● **WHAT YOU SHOULD DO**
Copy each line from the listing below where the word "then" shows up.

^^^^^^^^

theorem mainTheorem8:
  fixes n :: nat
  assumes "n \<ge> 1"
  shows "card (ballot_avoid_123 n) = catalan ((n + 1) div 2)"
proof (cases "even n")
  case True
  then obtain k where n: "n = 2 * k"
    by blast
  have "int (card (ballot_avoid_123 n)) = int (card (two_row_tableaux {1..n} k k))"
    using bij_betw_same_card[OF bij_betw_zigzags_even] n by (simp add: ballot_avoid_123_eq_zigzags)
  also have "\<dots> = ballot_number k k"
    by (rule card_two_row_tableaux) (simp_all add: n)
  finally show ?thesis
    using n by (simp add: ballot_number_catalan)
next
  case False
  then obtain k where n: "n = Suc (2 * k)"
    using oddE by fastforce
  have "int (card (ballot_avoid_123 n)) = int (card (two_row_tableaux {1..n} (Suc k) k))"
    using bij_betw_same_card[OF bij_betw_zigzags_odd] n by (simp add: ballot_avoid_123_eq_zigzags)
  also have "\<dots> = ballot_number (Suc k) k"
    by (rule card_two_row_tableaux) (simp_all add: n)
  also have "\<dots> = ballot_number (Suc k) (Suc k)"
    by (rule ballot_number_diagonal[symmetric])
  finally show ?thesis
    using n by (simp add: ballot_number_catalan)
qed

end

^^^^^^^^

● **WRITTEN RESPONSE**
  then obtain k where n: "n = 2 * k"
  then obtain k where n: "n = Suc (2 * k)"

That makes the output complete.